Not surprisingly, many of these hearings have been full of fear-mongering, depicting the Chinese Communist Party as an existential threat rather than actually grappling with the genuine challenges and legitimate concerns now facing the US-China relationship.
“China is not an ally or a strategic partner. They are our competitor and pose the single greatest threat to America’s global standing,” charged Rep. Patrick McHenry (R-N.C. ) during the Financial Services committee’s first hearing. “The juxtaposition between the United States and China could not be more clear. They are centralized; we are decentralized. They are closed; we are open. They suppress free speech and human dignity; we embrace it.”
The chairman of the subcommittee on Courts, Intellectual Property, and the Internet, Rep. Darrell Issa (R-Calif.), declared during his hearing that “America’s national security is at risk because of China’s government’s quest to achieve superiority using both internal and externally gotten technology. They will use both legal and illegal means in order to gain technology.”
Other hearings have veered off course from their official agendas into unrelated attacks on Beijing, as when Rep. Brad Sherman (D-Calif.) — during a hearing on PRC influence in the Indian Ocean — wondered, in a reference to China’s treatment of Uyghurs and ambivalence towards the Rohingya genocide in Myanmar, “how effective have we been in letting the Muslim populations from Indonesia to Egypt know what China is doing and making them pay a price?” None of the witnesses felt they had sufficient expertise to answer this question.
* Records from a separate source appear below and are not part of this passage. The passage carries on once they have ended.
lemma twice_abs_sum_less:
  fixes f :: "'a \<Rightarrow> real"
  assumes fin: "finite A" and nonempty: "A \<noteq> {}"
    and small: "\<forall>j\<in>A. 2 * real (card A) * \<bar>f j\<bar> < b"
  shows "2 * \<bar>\<Sum>j\<in>A. f j\<bar> < b"
proof -
  have "real (card A) * (2 * \<bar>\<Sum>j\<in>A. f j\<bar>) \<le> (\<Sum>j\<in>A. 2 * real (card A) * \<bar>f j\<bar>)"
    using mult_left_mono[OF sum_abs[of f A], of "2 * real (card A)"]
    by (simp add: sum_distrib_left mult_ac)
  also have "\<dots> < (\<Sum>j\<in>A. b)"
    using fin nonempty small by (intro sum_strict_mono) auto
  also have "\<dots> = real (card A) * b"
    by simp
  finally show ?thesis
    using fin nonempty by (simp add: mult_less_cancel_left_pos card_gt_0_iff)
qed

lemma round_half_up_eq:
  assumes "\<bar>a - real_of_int z\<bar> < 1/2"
  shows "round_half_up a = z"
proof -
  have "real_of_int z \<le> a + 1/2" and "a + 1/2 < real_of_int z + 1"
    using assms unfolding abs_less_iff by linarith+
  then show ?thesis
    unfolding round_half_up_def by (intro floor_unique) auto
qed

lemma decode_mod_eq:
  fixes p :: nat and v :: int
  assumes "\<bar>real_of_int v\<bar> < (real p - 1) / 2"
  shows "decode p \<sigma> (v mod int p) = real_of_int v / 10 ^ \<sigma>"
proof (cases "v \<ge> 0")
  case True
  with assms have "v mod int p = v"
    by (intro mod_pos_pos_trivial) (simp_all add: abs_less_iff)
  with True assms show ?thesis
    by (simp add: decode_def)
next
  case False
  with assms have "v mod int p = v + int p"
    using mod_pos_pos_trivial[of "v + int p" "int p"] by (simp add: abs_less_iff)
  with False assms show ?thesis
    by (simp add: decode_def abs_less_iff)
qed
lemma gordan_alternative:
  assumes "finite K" "finite X" "\<forall>x\<in>X. \<forall>k. k \<notin> K \<longrightarrow> x k = 0"
  shows "(\<lambda>_. 0) \<in> conv X \<or> (\<exists>y. \<forall>x\<in>X. 0 < (\<Sum>k\<in>K. y k * x k))"
  using assms
proof (induction K arbitrary: X rule: finite_induct)
  case empty
  show ?case
  proof (cases "X = {}")
    case False
    then obtain x where "x \<in> X" by blast
    moreover have "x = (\<lambda>_. 0)"
      using empty.prems(2) \<open>x \<in> X\<close> by auto
    ultimately show ?thesis
      using conv_superset[of x X] by simp
  qed simp
next
  case (insert m K)
  consider "(\<lambda>_. 0) \<in> conv (fourier_motzkin m X)"
    | y where "\<forall>x\<in>fourier_motzkin m X. 0 < (\<Sum>k\<in>K. y k * x k)"
    using insert.IH[OF finite_fourier_motzkin fourier_motzkin_supported] insert.prems by blast
  then show ?case
  proof cases
    case 1
    then show ?thesis
      using conv_subset[OF fourier_motzkin_subset_conv] by blast
  next
    case 2
    then show ?thesis
      using strict_separator_extend[OF insert.hyps(1) insert.prems(1) insert.hyps(2)] by blast
  qed
qed

lemma supported_vectors_dependent:
  fixes v :: "'a \<Rightarrow> nat \<Rightarrow> real"
  assumes "finite K" "finite I" "card K < card I" "\<forall>i\<in>I. \<forall>k. k \<notin> K \<longrightarrow> v i k = 0"
  shows "\<exists>c. (\<exists>i\<in>I. c i \<noteq> 0) \<and> (\<forall>k. (\<Sum>i\<in>I. c i * v i k) = 0)"
  using assms
proof (induction K arbitrary: I v rule: finite_induct)
  case empty
  then show ?case
    by (intro exI[of _ "\<lambda>_. 1"]) (auto simp: card_gt_0_iff)
next
  case (insert m K)
  show ?case
  proof (cases "\<forall>i\<in>I. v i m = 0")
    case True
    then have "\<forall>i\<in>I. \<forall>k. k \<notin> K \<longrightarrow> v i k = 0"
      using insert.prems(3) by (metis insertE)
    moreover have "card K < card I"
      using insert by simp
    ultimately show ?thesis
      using insert.IH insert.prems(1) by blast
  next
    case False
    then obtain i0 where i0: "i0 \<in> I" "v i0 m \<noteq> 0" by blast
    define I' where "I' = I - {i0}"
    \<comment> \<open>Gaussian elimination of the coordinate \<open>m\<close> using the pivot \<open>v i0\<close>.\<close>
    define v' where "v' i k = v i k - v i m / v i0 m * v i0 k" for i k
    have "card K < card I'"
      using i0 insert by (simp add: I'_def)
    moreover have "\<forall>i\<in>I'. \<forall>k. k \<notin> K \<longrightarrow> v' i k = 0"
    proof (intro ballI allI impI)
      fix i k assume "i \<in> I'" "k \<notin> K"
      then show "v' i k = 0"
        using insert.prems(3) i0 by (cases "k = m") (auto simp: I'_def v'_def)
    qed
    ultimately obtain c' where c': "\<exists>i\<in>I'. c' i \<noteq> 0" "\<forall>k. (\<Sum>i\<in>I'. c' i * v' i k) = 0"
      using insert.IH[of I' v'] insert.prems(1) by (auto simp: I'_def)
    define c where "c = c'(i0 := - (\<Sum>i\<in>I'. c' i * v i m) / v i0 m)"
    have "(\<Sum>i\<in>I. c i * v i k) = 0" for k
    proof -
      have "(\<Sum>i\<in>I. c i * v i k) = c i0 * v i0 k + (\<Sum>i\<in>I'. c' i * v i k)"
        using i0 insert.prems(1) by (simp add: I'_def c_def sum.remove)
      also have "\<dots> = (\<Sum>i\<in>I'. c' i * v' i k)"
        by (simp add: c_def v'_def right_diff_distrib sum_subtractf sum_distrib_right
            sum_divide_distrib mult.assoc)
      finally show ?thesis
        using c'(2) by simp
    qed
    moreover have "\<exists>i\<in>I. c i \<noteq> 0"
      using c'(1) by (auto simp: c_def I'_def)
    ultimately show ?thesis by blast
  qed
qed

lemma no_separating_family:
  fixes y :: "'a \<Rightarrow> nat \<Rightarrow> real" and u :: "'a set \<Rightarrow> nat \<Rightarrow> real"
  assumes "finite D" "finite K" "card K < card D"
    and pos: "\<And>i S. i \<in> D \<Longrightarrow> S \<subseteq> D \<Longrightarrow> i \<in> S \<Longrightarrow> 0 < (\<Sum>k\<in>K. y i k * u S k)"
    and neg: "\<And>i S. i \<in> D \<Longrightarrow> S \<subseteq> D \<Longrightarrow> i \<notin> S \<Longrightarrow> (\<Sum>k\<in>K. y i k * u S k) < 0"
  shows False
proof -
  obtain c where c: "\<exists>i\<in>D. c i \<noteq> 0"
    "\<forall>k. (\<Sum>i\<in>D. c i * (if k \<in> K then y i k else 0)) = 0"
    using supported_vectors_dependent[OF assms(2,1,3), of "\<lambda>i k. if k \<in> K then y i k else 0"]
    by auto
  then obtain i0 where i0: "i0 \<in> D" "c i0 \<noteq> 0"
    by blast
  have dep: "(\<Sum>i\<in>D. c i * y i k) = 0" if "k \<in> K" for k
    using c(2)[rule_format, of k] that by simp
  \<comment> \<open>Test the dependency on the vertex of the cube selected by the signs of \<open>c\<close>.\<close>
  define S where "S = {i\<in>D. 0 < c i}"
  have term_pos: "0 < c i * (\<Sum>k\<in>K. y i k * u S k)" if "i \<in> D" "c i \<noteq> 0" for i
  proof (cases "0 < c i")
    case True
    then show ?thesis using pos[of i S] that by (simp add: S_def)
  next
    case False
    then show ?thesis using neg[of i S] that by (simp add: S_def mult_neg_neg)
  qed
  have "0 = (\<Sum>k\<in>K. (\<Sum>i\<in>D. c i * y i k) * u S k)"
    using dep by simp
  also have "\<dots> = (\<Sum>i\<in>D. c i * (\<Sum>k\<in>K. y i k * u S k))"
    by (simp add: sum_distrib_left sum_distrib_right mult.assoc) (rule sum.swap)
  also have "\<dots> > 0"
    using term_pos by (intro sum_pos2[OF assms(1) i0(1)]) (auto simp: i0 less_eq_real_def)
  finally show False by simp
qed

lemma image_Diff_containing:
  assumes "i \<in> D"
  shows "(\<lambda>S. D - S) ` {S. S \<subseteq> D \<and> i \<in> S} = {S. S \<subseteq> D \<and> i \<notin> S}"
proof (intro equalityI subsetI)
  fix T assume "T \<in> {S. S \<subseteq> D \<and> i \<notin> S}"
  then have "T = D - (D - T)" "D - T \<in> {S. S \<subseteq> D \<and> i \<in> S}"
    using assms by auto
  then show "T \<in> (\<lambda>S. D - S) ` {S. S \<subseteq> D \<and> i \<in> S}"
    by (rule image_eqI)
qed auto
A search of the congressional record shows that in the first three months of the 118th Congress, lawmakers have introduced 273 bills or amendments that contain some variation of the word “China.” The terms “CCP,” “PRC,” “Beijing,” or “Taiwan” add a handful more. This marks a significant uptick in China-related legislation in recent Congresses. This session’s total is already more than any congressional session before the 114th (2015-16). Since then, the number has increased from 288 in the 115th (2017-2018) to 627 in the 116th (2019-2020) to 1,323 in the 117th Congress (2021-2022).
Like the recent congressional hearings, these bills touch on almost every aspect of American life.
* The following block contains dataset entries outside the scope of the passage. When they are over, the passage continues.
lemma is_norm_sum_list:
  assumes "is_norm N"
  shows "N (\<Sum>x\<leftarrow>xs. f x) \<le> (\<Sum>x\<leftarrow>xs. N (f x))"
proof (induction xs)
  case Nil then show ?case using is_norm_zero[OF assms] by simp
next
  case (Cons a xs)
  then show ?case using is_norm_triangle[OF assms, of "f a" "\<Sum>x\<leftarrow>xs. f x"] by simp
qed

lemma is_norm_le_norm:
  fixes N :: "'a::euclidean_space \<Rightarrow> real"
  assumes N: "is_norm N"
  shows "N x \<le> (\<Sum>b\<in>Basis. N b) * norm x"
proof -
  have "N x = N (\<Sum>b\<in>Basis. (x \<bullet> b) *\<^sub>R b)" by (simp add: euclidean_representation)
  also have "\<dots> \<le> (\<Sum>b\<in>Basis. N ((x \<bullet> b) *\<^sub>R b))"
    by (rule is_norm_sum[OF N finite_Basis])
  also have "\<dots> \<le> (\<Sum>b\<in>Basis. norm x * N b)"
    by (intro sum_mono) (simp add: is_norm_scale[OF N] mult_right_mono Basis_le_norm is_norm_nonneg[OF N])
  finally show ?thesis by (simp add: sum_distrib_left mult.commute)
qed

lemma prod_norm_nonneg: "is_norm N \<Longrightarrow> 0 \<le> prod_norm N e"
  unfolding prod_norm_def using is_norm_nonneg by (metis abs_ge_zero max.coboundedI2)

lemma prod_list_prod_norm_nonneg: "is_norm N \<Longrightarrow> 0 \<le> (\<Prod>e\<leftarrow>es. prod_norm N e)"
  by (induction es) (auto simp: prod_norm_nonneg)

definition pure_direction :: "('a::real_vector \<times> real) \<Rightarrow> bool" where
  "pure_direction e \<longleftrightarrow> snd e = 0 \<or> e = (0, 1)"

lemma multilinear_bound_from_pure_directions:
  fixes M :: "('a::real_vector \<times> real) list \<Rightarrow> 'w::real_vector"
  assumes lin: "\<And>pre post a b c. length pre + 1 + length post = n \<Longrightarrow>
      M (pre @ (a + c *\<^sub>R b) # post) = M (pre @ a # post) + c *\<^sub>R M (pre @ b # post)"
    and nrm: "is_norm nrm" and N: "is_norm N" and B: "B \<ge> 0"
    and pure: "\<And>xs. length xs = n \<Longrightarrow> \<forall>e\<in>set xs. pure_direction e \<Longrightarrow>
        nrm (M xs) \<le> B * (\<Prod>e\<leftarrow>xs. prod_norm N e)"
    and xs: "length xs = n"
  shows "nrm (M xs) \<le> 2 ^ n * B * (\<Prod>e\<leftarrow>xs. prod_norm N e)"
proof -
  have "length pre + length ys = n \<Longrightarrow> \<forall>e\<in>set ys. pure_direction e \<Longrightarrow>
      nrm (M (pre @ ys)) \<le> 2 ^ length pre * B * (\<Prod>e\<leftarrow>pre @ ys. prod_norm N e)" for pre ys
  proof (induction pre arbitrary: ys rule: rev_induct)
    case Nil then show ?case using pure[of ys] by simp
  next
    case (snoc e pre)
    obtain h t where "e = (h, t)" by (cases e)
    then have e: "e = (h, 0) + t *\<^sub>R (0, 1)" by simp
    let ?P = "\<lambda>xs. \<Prod>e\<leftarrow>xs. prod_norm N e"
    let ?K = "2 ^ length pre * B * (?P pre * ?P ys)"
    have K: "?K \<ge> 0" using B by (intro mult_nonneg_nonneg prod_list_prod_norm_nonneg[OF N]) auto
    have "M (pre @ e # ys) = M (pre @ (h, 0) # ys) + t *\<^sub>R M (pre @ (0, 1) # ys)"
      unfolding e using snoc.prems(1) by (intro lin) simp
    then have "nrm (M (pre @ e # ys)) \<le> nrm (M (pre @ (h, 0) # ys)) + \<bar>t\<bar> * nrm (M (pre @ (0, 1) # ys))"
      using is_norm_triangle[OF nrm] is_norm_scale[OF nrm] by metis
    also have "\<dots> \<le> ?K * N h + \<bar>t\<bar> * ?K"
      using snoc.IH[of "(h, 0) # ys"] snoc.IH[of "(0, 1) # ys"] snoc.prems
      by (intro add_mono mult_left_mono)
         (auto simp: pure_direction_def prod_norm_def is_norm_nonneg[OF N] is_norm_zero[OF N] ac_simps)
    also have "\<dots> = ?K * (N h + \<bar>t\<bar>)" by (simp add: algebra_simps)
    also have "\<dots> \<le> ?K * (2 * prod_norm N e)"
      using K by (intro mult_left_mono) (auto simp: e prod_norm_def)
    finally show ?case by (simp add: ac_simps)
  qed
  from this[of xs "[]"] xs show ?thesis by simp
qed

section \<open>The two halves of the punctured cylinder\<close>

lemma convex_half_strip:
  fixes N :: "'a::real_vector \<Rightarrow> real" and \<sigma> :: real
  assumes N: "is_norm N"
  shows "convex {p. N (fst p) \<le> 1 \<and> \<bar>snd p\<bar> \<le> 1 \<and> 0 < \<sigma> * snd p}"
proof (rule convexI)
  fix p q :: "'a \<times> real" and u v :: real
  assume "p \<in> {p. N (fst p) \<le> 1 \<and> \<bar>snd p\<bar> \<le> 1 \<and> 0 < \<sigma> * snd p}"
    and "q \<in> {p. N (fst p) \<le> 1 \<and> \<bar>snd p\<bar> \<le> 1 \<and> 0 < \<sigma> * snd p}"
  then have pq: "N (fst p) \<le> 1" "\<bar>snd p\<bar> \<le> 1" "0 < \<sigma> * snd p"
    "N (fst q) \<le> 1" "\<bar>snd q\<bar> \<le> 1" "0 < \<sigma> * snd q" by auto
  assume uv: "0 \<le> u" "0 \<le> v" "u + v = 1"
  have "N (u *\<^sub>R fst p + v *\<^sub>R fst q) \<le> u * N (fst p) + v * N (fst q)"
    using is_norm_triangle[OF N] is_norm_scale[OF N] uv by (metis abs_of_nonneg)
  also have "\<dots> \<le> u * 1 + v * 1" using pq uv by (intro add_mono mult_left_mono) auto
  finally have 1: "N (fst (u *\<^sub>R p + v *\<^sub>R q)) \<le> 1" using uv by simp
  have "\<bar>u * snd p + v * snd q\<bar> \<le> u * \<bar>snd p\<bar> + v * \<bar>snd q\<bar>"
    using uv abs_triangle_ineq[of "u * snd p" "v * snd q"] by (simp add: abs_mult)
  also have "\<dots> \<le> u * 1 + v * 1" using pq uv by (intro add_mono mult_left_mono) auto
  finally have 2: "\<bar>snd (u *\<^sub>R p + v *\<^sub>R q)\<bar> \<le> 1" using uv by simp
  have "0 < u * (\<sigma> * snd p) + v * (\<sigma> * snd q)"
    using uv pq by (cases "u = 0") (auto intro: add_pos_nonneg)
  then have 3: "0 < \<sigma> * snd (u *\<^sub>R p + v *\<^sub>R q)" by (simp add: algebra_simps)
  from 1 2 3 show "u *\<^sub>R p + v *\<^sub>R q \<in> {p. N (fst p) \<le> 1 \<and> \<bar>snd p\<bar> \<le> 1 \<and> 0 < \<sigma> * snd p}"
    by simp
qed

lemma interior_half_strip:
  fixes N :: "'a::euclidean_space \<Rightarrow> real" and \<sigma> :: real
  assumes N: "is_norm N" and \<sigma>: "\<bar>\<sigma>\<bar> = 1"
  shows "(0, \<sigma> / 2) \<in> interior {p. N (fst p) \<le> 1 \<and> \<bar>snd p\<bar> \<le> 1 \<and> 0 < \<sigma> * snd p}"
proof -
  define C where "C = (\<Sum>b\<in>Basis. N b) + 1"
  have C: "C > 0" unfolding C_def by (intro add_nonneg_pos sum_nonneg is_norm_nonneg[OF N]) auto
  define r where "r = min (1 / 2) (1 / C)"
  have r: "r > 0" using C by (simp add: r_def)
  have "N x \<le> 1 \<and> \<bar>y\<bar> \<le> 1 \<and> 0 < \<sigma> * y" if "dist (0, \<sigma> / 2) (x, y) < r" for x :: 'a and y
  proof -
    have x: "norm x < r" and y: "\<bar>y - \<sigma> / 2\<bar> < r"
      using that dist_fst_le[of "(0, \<sigma> / 2)" "(x, y)"] dist_snd_le[of "(0, \<sigma> / 2)" "(x, y)"]
      by (auto simp: dist_real_def dist_norm abs_minus_commute)
    have "N x \<le> C * norm x"
      using is_norm_le_norm[OF N, of x] norm_ge_zero[of x] unfolding C_def distrib_right by linarith
    also have "\<dots> \<le> C * (1 / C)" using x C by (intro mult_left_mono) (auto simp: r_def)
    finally have "N x \<le> 1" using C by simp
    moreover have "\<bar>\<sigma> * (y - \<sigma> / 2)\<bar> < 1 / 2" "\<bar>y - \<sigma> / 2\<bar> < 1 / 2"
      using y \<sigma> by (auto simp: abs_mult r_def)
    then have "\<bar>y\<bar> \<le> 1 \<and> 0 < \<sigma> * y"
      using \<sigma> by (auto simp: algebra_simps abs_less_iff power2_eq_square abs_if split: if_splits)
    ultimately show ?thesis by simp
  qed
  then have "ball (0, \<sigma> / 2) r \<subseteq> {p. N (fst p) \<le> 1 \<and> \<bar>snd p\<bar> \<le> 1 \<and> 0 < \<sigma> * snd p}"
    by auto
  then show ?thesis using r by (meson centre_in_ball interior_maximal open_ball subsetD)
qed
At a time of intense partisan polarization, bashing China is one issue on which both parties can’t get enough. Republicans sense that China’s rise — and the supposed American decline that accompanies it — serves as a useful political weapon against President Joe Biden.
“The second thing that’s happening, and that’s more concerning for me,” Michael Brenes, Non-Resident Fellow at the Quincy Institute, told Responsible Statecraft, “is that the Biden administration is pursuing a policy where it believes the China threat can be served to revive or renew American democracy and American foreign policy, in a post war on terror era.” Meaning, he added, that everything from domestic renewal to industrial policy to foreign policymaking is being justified on that basis.
As a result, heads of various government agencies have made cases for increasing their budgets based on the need to combat the China threat. Testifying in front of the House Appropriations Committee in late April, FBI Director Christopher Wray said that bureau agents were outnumbered “at least 50 to 1” by Chinese hackers looking to attack critical US infrastructure.
“You can take China. A key part of the Chinese government’s multi-pronged strategy to lie, to cheat and to steal their way to surpassing us as the global superpower in cyber,” Wray said, using that zero-sum scenario as a primary reason for enhancing the bureau’s resources.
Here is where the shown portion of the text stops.